Predictors of low back pain and return to work.

Posted by on Feb 2, 2016 in Back Pain, Chiropractic research, exercise | 0 comments

 

 

Recently some research has been published that has really changed the game in treatment in low back pain, specifically in treatment of long term debilitating back pain.   In one particular study published in Spine a group of researchers set to discover what factors best predicted a worker who has been out on leave for their low back returning to work.   The researches set out to use medical, psychological, and sociodemographic predictors that would have an significant impact on ability to return to work.

Medically speaking it was found that by using a light mobilization program workers were much more likely to return to work than those who did not have a light mobilization program.   What makes this so important is that it shows that the old standard of restricting motion in the lower back during injuries does not only not help but can make problems worse.    Inactivity was actually found to delay recovery.   While certainly there is a psychological factor in this.   People who are inactive tend to develop a “sick” mind frame that becomes difficult to over come.   While people who are more active view themselves as healthy people who simply have a bout of low back pain.

As a chiropractor when I read this study I see that beyond the mental changes that develop due to inactivity there are strong anatomical factors at play as well.   When inactive our surrounding structures of our spine begin to change.   Muscles atrophy ligaments, shorten and tighten,  proper blood flow and nutrition fails to flow into our intervertebral discs.   All of these changes lead to an inability for our spines to function as a normal unit therefore increasing the possibility of further injury and creating a downward spiral of inactivity leading to more injury that leads to more inactivity and so forth.

While there are certainly times to restrict spinal motion to prevent injury in the vast majority of cases that should be for only a short period of time to help promote return to proper spinal motion as soon as possible.  Click here for some exercises that are great to increase core strength and train proper spinal motion.

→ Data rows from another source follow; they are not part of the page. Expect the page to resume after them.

definition ulam_constant :: "(complex ^ 'n \<Rightarrow> real) \<Rightarrow> real set \<Rightarrow> (real \<Rightarrow> complex) \<Rightarrow>
    (real \<Rightarrow> complex) \<Rightarrow> (real \<Rightarrow> complex) \<Rightarrow> (real \<Rightarrow> complex ^ 'n) \<Rightarrow> real \<Rightarrow> bool" where
  "ulam_constant N I \<alpha> \<beta> \<gamma> f L \<longleftrightarrow> L > 0 \<and>
     (\<forall>\<epsilon>>0. \<forall>\<xi>. C2_on I \<xi> \<and> (\<forall>t\<in>I. N (ode_op I \<alpha> \<beta> \<gamma> \<xi> t - f t) \<le> \<epsilon>) \<longrightarrow>
        (\<exists>x. C2_on I x \<and> (\<forall>t\<in>I. ode_op I \<alpha> \<beta> \<gamma> x t = f t) \<and>
             (\<forall>t\<in>I. N (\<xi> t - x t) \<le> L * \<epsilon>)))"

definition ulam_stable :: "(complex ^ 'n \<Rightarrow> real) \<Rightarrow> real set \<Rightarrow> (real \<Rightarrow> complex) \<Rightarrow>
    (real \<Rightarrow> complex) \<Rightarrow> (real \<Rightarrow> complex) \<Rightarrow> (real \<Rightarrow> complex ^ 'n) \<Rightarrow> bool" where
  "ulam_stable N I \<alpha> \<beta> \<gamma> f \<longleftrightarrow> (\<exists>L. ulam_constant N I \<alpha> \<beta> \<gamma> f L)"

end

theory Submission
  imports Defs "HOL-Real_Asymp.Real_Asymp"
begin

text \<open>Write the equation as a0 (D - l1) (D - l2) x = 0. For the first-order equation y' = l y
  with Re l > 0: if N (y' - l y) \<le> \<delta>, then w(t) = exp (- l t) y(t) satisfies
  N (w') \<le> \<delta> exp (- Re l t), so w converges to some c as t \<rightarrow> \<infinity>, and integrating this bound
  from t to \<infinity> gives N (y(t) - exp (l t) c) \<le> \<delta> / Re l; reversing time handles Re l < 0.
  Applying this to y = x' - l2 x and then to x minus a particular solution of
  z' - l2 z = exp (l1 t) c1 gives the constant 1 / |a0 Re l1 Re l2|. Because N is an arbitrary
  norm, the mean value inequality for N is obtained from linear functionals dominated by N,
  which exist by the separating hyperplane theorem.\<close>

lemma csmult_eq_scalar_mult: "csmult = (*s)"
  by (simp add: fun_eq_iff csmult_def vector_scalar_mult_def)

lemma norm_scalar_mult_complex: "norm (c *s v) = cmod c * norm (v :: complex ^ 'n)"
proof -
  have "norm (c *s v) = L2_set (\<lambda>i. cmod c * norm (v $ i)) UNIV"
    by (simp add: norm_vec_def norm_mult)
  also have "\<dots> = cmod c * norm v"
    by (simp add: L2_set_right_distrib norm_vec_def)
  finally show ?thesis .
qed

lemma bounded_bilinear_scalar_mult_complex:
  "bounded_bilinear ((*s) :: complex \<Rightarrow> complex ^ 'n \<Rightarrow> complex ^ 'n)"
proof
  show "\<exists>K. \<forall>a b. norm (a *s (b :: complex ^ 'n)) \<le> norm a * norm b * K"
    by (rule exI[of _ 1]) (simp add: norm_scalar_mult_complex)
qed (simp_all add: vec_eq_iff algebra_simps scaleR_conv_of_real[where 'a=complex])

lemma has_vector_derivative_scalar_mult_complex [derivative_intros]:
  fixes g :: "real \<Rightarrow> complex ^ 'n"
  shows "(f has_vector_derivative f') (at x within S) \<Longrightarrow> (g has_vector_derivative g') (at x within S)
    \<Longrightarrow> ((\<lambda>x. f x *s g x) has_vector_derivative f x *s g' + f' *s g x) (at x within S)"
  by (rule bounded_bilinear.has_vector_derivative[OF bounded_bilinear_scalar_mult_complex])

lemma continuous_on_scalar_mult_complex [continuous_intros]:
  fixes g :: "real \<Rightarrow> complex ^ 'n"
  shows "continuous_on S f \<Longrightarrow> continuous_on S g \<Longrightarrow> continuous_on S (\<lambda>x. f x *s g x)"
  by (rule bounded_bilinear.continuous_on[OF bounded_bilinear_scalar_mult_complex])

lemma has_vector_derivative_cexp_linear [derivative_intros]:
  fixes l :: complex
  shows "((\<lambda>t. exp (l * of_real t)) has_vector_derivative l * exp (l * of_real t)) (at t within S)"
proof -
  have "((\<lambda>z. exp (l * z)) has_field_derivative l * exp (l * of_real t)) (at (of_real t))"
    by (auto intro!: derivative_eq_intros)
  then show ?thesis by (rule has_vector_derivative_real_field)
qed

lemma C2_on_UNIV_intro:
  assumes "\<And>t. (x has_vector_derivative x' t) (at t)"
    and "\<And>t. (x' has_vector_derivative x'' t) (at t)"
    and "continuous_on UNIV x''"
  shows "C2_on UNIV x" "D1 UNIV x = x'" "D2 UNIV x = x''"
proof -
  show D1: "D1 UNIV x = x'"
    using assms(1) by (simp add: fun_eq_iff D1_def vector_derivative_at)
  show D2: "D2 UNIV x = x''"
    using assms(2) by (simp add: fun_eq_iff D2_def D1 vector_derivative_at)
  show "C2_on UNIV x"
    using assms by (simp add: C2_on_def D1 D2)
qed

lemma forced_exp_solution:
  fixes l1 l2 :: complex
  obtains p :: "real \<Rightarrow> complex"
  where "\<And>t. (p has_vector_derivative l2 * p t + exp (l1 * of_real t)) (at t)"
proof (cases "l1 = l2")
  case True
  have "((\<lambda>z. z * exp (l1 * z)) has_field_derivative
      l2 * (of_real t * exp (l1 * of_real t)) + exp (l1 * of_real t)) (at (of_real t))" for t
    using True by (auto intro!: derivative_eq_intros simp: algebra_simps)
  then show ?thesis using that has_vector_derivative_real_field by blast
next
  case False
  define K where "K = 1 / (l1 - l2)"
  have K: "K * l1 = l2 * K + 1"
    using False by (simp add: K_def field_simps)
  have "((\<lambda>z. K * exp (l1 * z)) has_field_derivative
      l2 * (K * exp (l1 * of_real t)) + exp (l1 * of_real t)) (at (of_real t))" for t
  proof -
    have "((\<lambda>z. K * exp (l1 * z)) has_field_derivative K * l1 * exp (l1 * of_real t)) (at (of_real t))"
      by (auto intro!: derivative_eq_intros)
    then show ?thesis unfolding K by (simp add: algebra_simps)
  qed
  then show ?thesis using that has_vector_derivative_real_field by blast
qed

lemma factored_equation_solution:
  fixes c1 c2 :: "complex ^ 'n"
  assumes p: "\<And>t. (p has_vector_derivative l2 * p t + exp (l1 * of_real t)) (at t)"
  defines "x \<equiv> \<lambda>t. p t *s c1 + exp (l2 * of_real t) *s c2"
  shows "C2_on UNIV x"
    and "D2 UNIV x t - (l1 + l2) *s D1 UNIV x t + (l1 * l2) *s x t = 0"
proof -
  define p' where "p' t = l2 * p t + exp (l1 * of_real t)" for t
  define x' where "x' t = p' t *s c1 + (l2 * exp (l2 * of_real t)) *s c2" for t
  define x'' where "x'' t = (l2 * p' t + l1 * exp (l1 * of_real t)) *s c1
    + (l2 * l2 * exp (l2 * of_real t)) *s c2" for t
  have p_cont: "continuous_on UNIV p"
    using p by (meson continuous_at_imp_continuous_on has_vector_derivative_continuous)
  have p': "(p' has_vector_derivative l2 * p' t + l1 * exp (l1 * of_real t)) (at t)" for t
    unfolding p'_def by (auto intro!: derivative_eq_intros p simp: algebra_simps)
  have "(x has_vector_derivative x' t) (at t)" for t
    unfolding x_def x'_def by (auto intro!: derivative_eq_intros p simp: p'_def vector_sadd_rdistrib)
  moreover have "(x' has_vector_derivative x'' t) (at t)" for t
    unfolding x'_def x''_def by (auto intro!: derivative_eq_intros p')
  moreover have "continuous_on UNIV x''"
    unfolding x''_def p'_def by (intro continuous_intros p_cont)
  ultimately have "C2_on UNIV x" "D1 UNIV x = x'" "D2 UNIV x = x''"
    by (rule C2_on_UNIV_intro)+
  then show "C2_on UNIV x" "D2 UNIV x t - (l1 + l2) *s D1 UNIV x t + (l1 * l2) *s x t = 0"
    by (simp_all add: x_def x'_def x''_def p'_def vec_eq_iff algebra_simps)
qed

context
  fixes N :: "complex ^ 'n \<Rightarrow> real"
  assumes N: "is_norm N"
begin

lemma N_nonneg: "0 \<le> N v"
  and N_eq_0_iff: "N v = 0 \<longleftrightarrow> v = 0"
  and N_triangle: "N (v + w) \<le> N v + N w"
  and N_scalar_mult: "N (c *s v) = cmod c * N v"
  using N by (auto simp: is_norm_def csmult_eq_scalar_mult)

lemma N_zero [simp]: "N 0 = 0"
  by (simp add: N_eq_0_iff)

lemma N_pos: "v \<noteq> 0 \<Longrightarrow> 0 < N v"
  using N_nonneg N_eq_0_iff by (metis order_le_less)

lemma N_minus_commute: "N (v - w) = N (w - v)"
  using N_scalar_mult[of "-1" "v - w"] by (simp add: vector_sneg_minus1[symmetric])

lemma N_scaleR: "N (r *\<^sub>R v) = \<bar>r\<bar> * N v"
proof -
  have "r *\<^sub>R v = of_real r *s v"
    by (simp add: vec_eq_iff scaleR_conv_of_real[where 'a=complex])
  then show ?thesis by (simp add: N_scalar_mult)
qed

lemma N_sum: "N (sum f A) \<le> (\<Sum>i\<in>A. N (f i))"
proof (induction A rule: infinite_finite_induct)
  case (insert x F)
  then show ?case using N_triangle[of "f x" "sum f F"] by simp
qed simp_all

lemma N_le_norm: "N v \<le> (\<Sum>i\<in>UNIV. N (axis i 1)) * norm v"
proof -
  have "N v \<le> (\<Sum>i\<in>UNIV. N (v $ i *s axis i 1))"
    by (subst (1) basis_expansion[symmetric]) (rule N_sum)
  also have "\<dots> = (\<Sum>i\<in>UNIV. cmod (v $ i) * N (axis i 1))"
    by (simp add: N_scalar_mult)
  also have "\<dots> \<le> (\<Sum>i\<in>UNIV. norm v * N (axis i 1))"
    by (intro sum_mono mult_right_mono Finite_Cartesian_Product.norm_nth_le N_nonneg)
  finally show ?thesis by (simp add: sum_distrib_left mult.commute)
qed

lemma continuous_on_N: "continuous_on S N"
proof -
  define C where "C = (\<Sum>i\<in>UNIV. N (axis i 1))"
  have "C-lipschitz_on UNIV N"
  proof (rule lipschitz_onI)
    fix x y
    have "N x \<le> N y + N (x - y)" "N y \<le> N x + N (x - y)"
      using N_triangle[of y "x - y"] N_triangle[of x "y - x"] N_minus_commute[of x y] by simp_all
    then have "dist (N x) (N y) \<le> N (x - y)" by (simp add: dist_real_def abs_le_iff)
    also have "\<dots> \<le> C * dist x y" using N_le_norm[of "x - y"] by (simp add: C_def dist_norm)
    finally show "dist (N x) (N y) \<le> C * dist x y" .
  qed (simp add: C_def sum_nonneg N_nonneg)
  then show ?thesis by (meson continuous_on_subset lipschitz_on_continuous_on top_greatest)
qed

In addition the researchers found those who did not return to work to be influenced by sociodemographic factors as well.  The study found that non-returners:

  • Were older.
  • Had more children.
  • Had more children living at home.
  • Had been in one job for more years.
  • Reported more physical workload.
  • And had reduced ability to perform ordinary work.

 

Haldorsen E, Indahl A, Ursin H. Patients with low back pain not returning to work. Spine 1998;(23)11:1202-1208.